As an activist, Barry is known for instance for his attempts to frame opposition to school vaccine mandates as a matter of religious freedoms, as summed up for instance in a letter to then-President Trump he signed together with e.g. Shannon Kroner, Renee Bessone of the Conscience Coalition; James A. Moody, JD, Rev. Robert Schuller, Rabbi Hillel Handler (who has long encouraged Orthodox Jews in Brooklyn and Rockland County not to get vaccinated), and the colorful Pastor Ricardo Beas of the Natural Law Church of Health and Healing (they don’t seem to have vetted the signatories particularly carefully), where they tried to argue that “governments are forcing and coercing a pharmaceutical product upon children that is made from religiously objectionable ingredients, specifically human aborted fetal DNA, animal cells, carcinogenic preservatives, and neurotoxins such as mercury and aluminum.
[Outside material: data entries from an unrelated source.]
(* Let $d\ge2$, $\alpha\in(0,\infty)^d$, $N\in\mathbb Z_+$. For every $0\le m\le N$ and all $r,s\in N\Delta_{(d-1)}$, $$\xi^{H,\alpha}_m(r,s)=\sum_{l=0}^{m}b_{ml}\,\chi^{H,\alpha}_l(r,s),\qquad b_{ml}=\sum_{n=l}^{m}\left(\frac{N_{[n]}}{(|\alpha|+N)_{(n)}}\right)^2\frac{m_{[n]}}{(|\alpha|+m)_{(n)}}\,a^{|\alpha|}_{nl}.$$
   Context: $N\Delta_{(d-1)}=\{r\in\mathbb Z_+^d:|r|=N\}$, $|v|=\sum_iv_i$. $(c)_{(k)}=\Gamma(c+k)/\Gamma(c)$, $c_{[k]}=c(c-1)\cdots(c-k+1)$. $DM_\beta(l;M)=\binom{M}{l}\prod_i(\beta_i)_{(l_i)}/(|\beta|)_{(M)}$ for $l\in\mathbb Z_+^d$ with $|l|=M$. $\xi^{H,\alpha}_m(r,s)=\sum_{|l|=m}DM_{\alpha+r}(l;m)DM_{\alpha+s}(l;m)/DM_\alpha(l;m)$. $\chi^{H,\alpha}_m(r,s)=\sum_{|l|=m}\frac{1}{DM_\alpha(l;m)}\frac{\binom{m}{l}p_l(r)}{N_{[m]}}\frac{\binom{m}{l}p_l(s)}{N_{[m]}}$ with $p_l(r)=\prod_i(r_i)_{[l_i]}$. $a^{\theta}_{nm}=(\theta+2n-1)(-1)^{n-m}\frac{(\theta+m)_{(n-1)}}{m!(n-m)!}$ for $0\le m\le n$ (with $a^\theta_{00}=1$). *)

theory Defs
  imports Complex_Main
begin

text \<open>Vectors in Z_+^d / (0,inf)^d are represented as functions on nat,
  only the coordinates 0..d-1 being relevant.\<close>

definition simplex_pts :: "nat \<Rightarrow> nat \<Rightarrow> (nat \<Rightarrow> nat) set" where
  "simplex_pts d N = {r. (\<forall>i\<ge>d. r i = 0) \<and> (\<Sum>i<d. r i) = N}"

definition ffall :: "real \<Rightarrow> nat \<Rightarrow> real" where
  "ffall c k = (\<Prod>j<k. c - real j)"

definition multinom :: "nat \<Rightarrow> nat \<Rightarrow> (nat \<Rightarrow> nat) \<Rightarrow> real" where
  "multinom d M l = fact M / (\<Prod>i<d. fact (l i))"

definition DM :: "nat \<Rightarrow> (nat \<Rightarrow> real) \<Rightarrow> (nat \<Rightarrow> nat) \<Rightarrow> nat \<Rightarrow> real" where
  "DM d \<beta> l M = multinom d M l * (\<Prod>i<d. pochhammer (\<beta> i) (l i))
                  / pochhammer (\<Sum>i<d. \<beta> i) M"

definition xiH :: "nat \<Rightarrow> (nat \<Rightarrow> real) \<Rightarrow> nat \<Rightarrow> (nat \<Rightarrow> nat) \<Rightarrow> (nat \<Rightarrow> nat) \<Rightarrow> real" where
  "xiH d \<alpha> m r s = (\<Sum>l\<in>simplex_pts d m.
      DM d (\<lambda>i. \<alpha> i + real (r i)) l m * DM d (\<lambda>i. \<alpha> i + real (s i)) l m / DM d \<alpha> l m)"

definition pl :: "nat \<Rightarrow> (nat \<Rightarrow> nat) \<Rightarrow> (nat \<Rightarrow> nat) \<Rightarrow> real" where
  "pl d l r = (\<Prod>i<d. ffall (real (r i)) (l i))"

definition chiH :: "nat \<Rightarrow> nat \<Rightarrow> (nat \<Rightarrow> real) \<Rightarrow> nat \<Rightarrow> (nat \<Rightarrow> nat) \<Rightarrow> (nat \<Rightarrow> nat) \<Rightarrow> real" where
  "chiH d N \<alpha> m r s = (\<Sum>l\<in>simplex_pts d m.
      (1 / DM d \<alpha> l m) * (multinom d m l * pl d l r / ffall (real N) m)
                       * (multinom d m l * pl d l s / ffall (real N) m))"

definition acoef :: "real \<Rightarrow> nat \<Rightarrow> nat \<Rightarrow> real" where
  "acoef \<theta> n m = (if n = 0 then 1 else
     (\<theta> + 2 * real n - 1) * (-1) ^ (n - m) * pochhammer (\<theta> + real m) (n - 1)
       / (fact m * fact (n - m)))"

definition bcoef :: "nat \<Rightarrow> real \<Rightarrow> nat \<Rightarrow> nat \<Rightarrow> real" where
  "bcoef N \<theta> m l = (\<Sum>n=l..m. (ffall (real N) n / pochhammer (\<theta> + real N) n) ^ 2
       * (ffall (real m) n / pochhammer (\<theta> + real m) n) * acoef \<theta> n l)"

end

theory Submission
  imports Defs "HOL-Computational_Algebra.Formal_Power_Series"
begin

(*
  Write \<theta> = |\<alpha>| and F(a,b;c)_n = (a)_(n) (b)_(n) / ((c)_(n) n!) for the coefficients of
  Gauss' hypergeometric series.  Reading a sum over the simplex m\<Delta> as the coefficient of
  z^m in a product of power series, one finds
     \<xi>_m = m! (\<theta>)_(m) / (\<theta>+N)_(m)^2 \<cdot> [z^m] \<Prod>_i F(\<alpha>_i+r_i, \<alpha>_i+s_i; \<alpha>_i; z),
     \<chi>_k = k! (\<theta>)_(k) / N_[k]^2     \<cdot> [z^k] \<Prod>_i F(-r_i, -s_i; \<alpha>_i; z).
  Euler's transformation F(a,b;c;z) = (1-z)^(c-a-b) F(c-a,c-b;c;z), applied in every
  coordinate, links the two products and yields \<xi>_m = \<Sum>_{k\<le>m} c_mk \<chi>_k with explicit
  coefficients c_mk.  It remains to show b_ml = c_ml.  Put \<rho>_k(n) = k_[n] / (\<theta>+k)_(n), so
  that b_ml = \<Sum>_n \<rho>_N(n)^2 \<rho>_m(n) a_nl.  The triangular arrays \<rho>_k(n) and a_nl are inverse
  to each other (a telescoping sum), and a second use of Euler's transformation gives
  \<Sum>_k c_mk \<rho>_k(n) = \<rho>_N(n)^2 \<rho>_m(n); inverting yields b_ml = c_ml.
*)

unbundle fps_syntax

section \<open>Falling factorials\<close>

lemma ffall_0 [simp]: "ffall c 0 = 1"
  by (simp add: ffall_def)

lemma ffall_Suc: "ffall c (Suc k) = ffall c k * (c - real k)"
  by (simp add: ffall_def)

lemma pochhammer_neg: "pochhammer (- c) k = (-1) ^ k * ffall c k"
  by (induction k) (simp_all add: ffall_Suc pochhammer_Suc algebra_simps)

lemma pochhammer_neg_mult_neg: "pochhammer (- x) k * pochhammer (- y) k = ffall x k * ffall y k"
proof -
  have "(-1::real) ^ k * (-1) ^ k = 1"
    by (simp flip: power_mult_distrib)
  then show ?thesis
    by (simp add: pochhammer_neg algebra_simps)
qed

lemma ffall_add: "ffall c (a + b) = ffall c a * ffall (c - real a) b"
  by (induction b) (simp_all add: ffall_Suc algebra_simps)

lemma ffall_of_nat_mult_fact: "k \<le> n \<Longrightarrow> ffall (real n) k * fact (n - k) = fact n"
proof (induction k)
  case 0
  then show ?case by simp
next
  case (Suc k)
  then have "fact (n - k) = (fact (n - Suc k) :: real) * real (n - k)"
    by (metis Suc_diff_le diff_Suc_Suc fact_Suc mult.commute)
  with Suc show ?case
    by (simp add: ffall_Suc algebra_simps)
qed

lemma ffall_of_nat_eq_0: "n < k \<Longrightarrow> ffall (real n) k = 0"
  unfolding ffall_def by (rule prod_zero) auto

lemma ffall_of_nat_neq_0: "k \<le> n \<Longrightarrow> ffall (real n) k \<noteq> 0"
  using ffall_of_nat_mult_fact[of k n] by auto

text \<open>Positivity is how all denominators (\<theta>)_(k), (\<alpha>_i)_(k), ... are seen to be nonzero.\<close>

lemma pochhammer_pos_neq_0: "(0::real) < x \<Longrightarrow> pochhammer x n \<noteq> 0"
  using pochhammer_pos[of x n] by simp


section \<open>Hypergeometric coefficients and Euler's transformation\<close>

definition hyp_coeff :: "real \<Rightarrow> real \<Rightarrow> real \<Rightarrow> nat \<Rightarrow> real" where
  "hyp_coeff a b c n = pochhammer a n * pochhammer b n / (pochhammer c n * fact n)"

lemma hyp_coeff_commute: "hyp_coeff a b c n = hyp_coeff b a c n"
  by (simp add: hyp_coeff_def mult.commute)

text \<open>A Chu--Vandermonde type expansion of (y - x)_(M); it is how the factor (1-z)^(c-a-b)
  enters the proof of Euler's transformation.\<close>

lemma pochhammer_diff_expansion:
  fixes x y :: real
  shows "pochhammer (y - x) M
       = (\<Sum>i\<le>M. of_nat (M choose i) * ((-1) ^ i * pochhammer x i) * pochhammer (y + of_nat i) (M - i))"
proof (induction M arbitrary: y)
  case 0
  then show ?case by simp
next
  case (Suc M)
  define s where "s i = (-1::real) ^ i * pochhammer x i" for i
  have s_Suc: "s (Suc i) = - s i * (x + of_nat i)" for i
    by (simp add: s_def pochhammer_Suc)
  have Pascal: "of_nat (Suc M choose i)
      = (of_nat (M choose i) :: real) + (if i = 0 then 0 else of_nat (M choose (i - 1)))" for i
    by (cases i) auto
  have "(\<Sum>i\<le>Suc M. of_nat (Suc M choose i) * s i * pochhammer (y + of_nat i) (Suc M - i))
      = (\<Sum>i\<le>Suc M. of_nat (M choose i) * s i * pochhammer (y + of_nat i) (Suc M - i))
        + (\<Sum>i\<le>Suc M. (if i = 0 then 0 else of_nat (M choose (i - 1))) * s i
              * pochhammer (y + of_nat i) (Suc M - i))"
    by (simp add: Pascal sum.distrib[symmetric] algebra_simps)
  also have "(\<Sum>i\<le>Suc M. of_nat (M choose i) * s i * pochhammer (y + of_nat i) (Suc M - i))
      = (\<Sum>i\<le>M. of_nat (M choose i) * s i * ((y + of_nat i) * pochhammer (y + 1 + of_nat i) (M - i)))"
    by (simp add: Suc_diff_le pochhammer_rec algebra_simps)
  also have "(\<Sum>i\<le>Suc M. (if i = 0 then 0 else of_nat (M choose (i - 1))) * s i
              * pochhammer (y + of_nat i) (Suc M - i))
      = (\<Sum>i\<le>M. of_nat (M choose i) * s (Suc i) * pochhammer (y + 1 + of_nat i) (M - i))"
    by (subst sum.atMost_Suc_shift) (simp add: algebra_simps)
  also have "(\<Sum>i\<le>M. of_nat (M choose i) * s i * ((y + of_nat i) * pochhammer (y + 1 + of_nat i) (M - i)))
      + (\<Sum>i\<le>M. of_nat (M choose i) * s (Suc i) * pochhammer (y + 1 + of_nat i) (M - i))
      = (y - x) * (\<Sum>i\<le>M. of_nat (M choose i) * s i * pochhammer (y + 1 + of_nat i) (M - i))"
    by (simp add: sum_distrib_left sum.distrib[symmetric] s_Suc algebra_simps)
  also have "\<dots> = (y - x) * pochhammer (y + 1 - x) M"
    using Suc.IH[of "y + 1"] by (simp add: s_def add_ac)
  also have "\<dots> = pochhammer (y - x) (Suc M)"
    by (simp add: pochhammer_rec algebra_simps)
  finally show ?case
    by (simp add: s_def)
qed

text \<open>Pfaff's transformation F(a,b;c;z) = (1-z)^(-a) F(a,c-b;c;z/(z-1)), coefficientwise;
  it is a rewriting of the Chu--Vandermonde identity of the library.\<close>

lemma pfaff_coeff:
  assumes c: "\<And>k. pochhammer c k \<noteq> 0"
  shows "hyp_coeff a b c n
       = (\<Sum>k\<le>n. hyp_coeff a (c - b) c k * (-1) ^ k * pochhammer (a + of_nat k) (n - k) / fact (n - k))"
proof -
  have Vandermonde: "(\<Sum>k=0..n. pochhammer (c - b) k * pochhammer (- of_nat n) k / (fact k * pochhammer c k))
       = pochhammer b n / pochhammer c n"
    using Vandermonde_pochhammer[of n c "c - b"] c by (force simp: pochhammer_eq_0_iff)
  have "(\<Sum>k\<le>n. hyp_coeff a (c - b) c k * (-1) ^ k * pochhammer (a + of_nat k) (n - k) / fact (n - k))
      = (\<Sum>k\<le>n. pochhammer a n / fact n
            * (pochhammer (c - b) k * pochhammer (- of_nat n) k / (fact k * pochhammer c k)))"
  proof (rule sum.cong[OF refl])
    fix k assume "k \<in> {..n}"
    then have kn: "k \<le> n" by simp
    have split_a: "pochhammer a n = pochhammer a k * pochhammer (a + of_nat k) (n - k)"
      using pochhammer_product'[of a k "n - k"] kn by simp
    have neg_n: "pochhammer (- real n) k = (-1) ^ k * fact n / fact (n - k)"
      using ffall_of_nat_mult_fact[OF kn] by (simp add: pochhammer_neg field_simps)
    show "hyp_coeff a (c - b) c k * (-1) ^ k * pochhammer (a + of_nat k) (n - k) / fact (n - k)
        = pochhammer a n / fact n
            * (pochhammer (c - b) k * pochhammer (- of_nat n) k / (fact k * pochhammer c k))"
      using c[of k] unfolding hyp_coeff_def split_a neg_n
      by (simp add: field_simps power_mult_distrib[symmetric])
  qed
  also have "\<dots> = pochhammer a n / fact n * (pochhammer b n / pochhammer c n)"
    by (simp only: sum_distrib_left[symmetric] atLeast0AtMost[symmetric] Vandermonde)
  finally show ?thesis
    by (simp add: hyp_coeff_def field_simps)
qed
This coercion of mandated vaccines is a clear attack on religious liberty and a form of government overreach. Making personal decisions about protecting one’s body is a basic human right, and most religions agree that our sacred bodies are the holiest of temples.” Of course, the fact that they aren’t demanding freedom to make decisions about their own bodies but about their children, is a distinction utterly lost on them. In the letter, they also promote unfounded conspiracy theories, such as suggesting utterly debunked links between vaccines and infertility, as well as concerns about protecting their precious bodily fluids and appeals to Nazis.

 

Diagnosis: Insane conspiracy theorist, and really one of the leaders of the antivaxx movement, no less. Barry has probably caused more harm than most.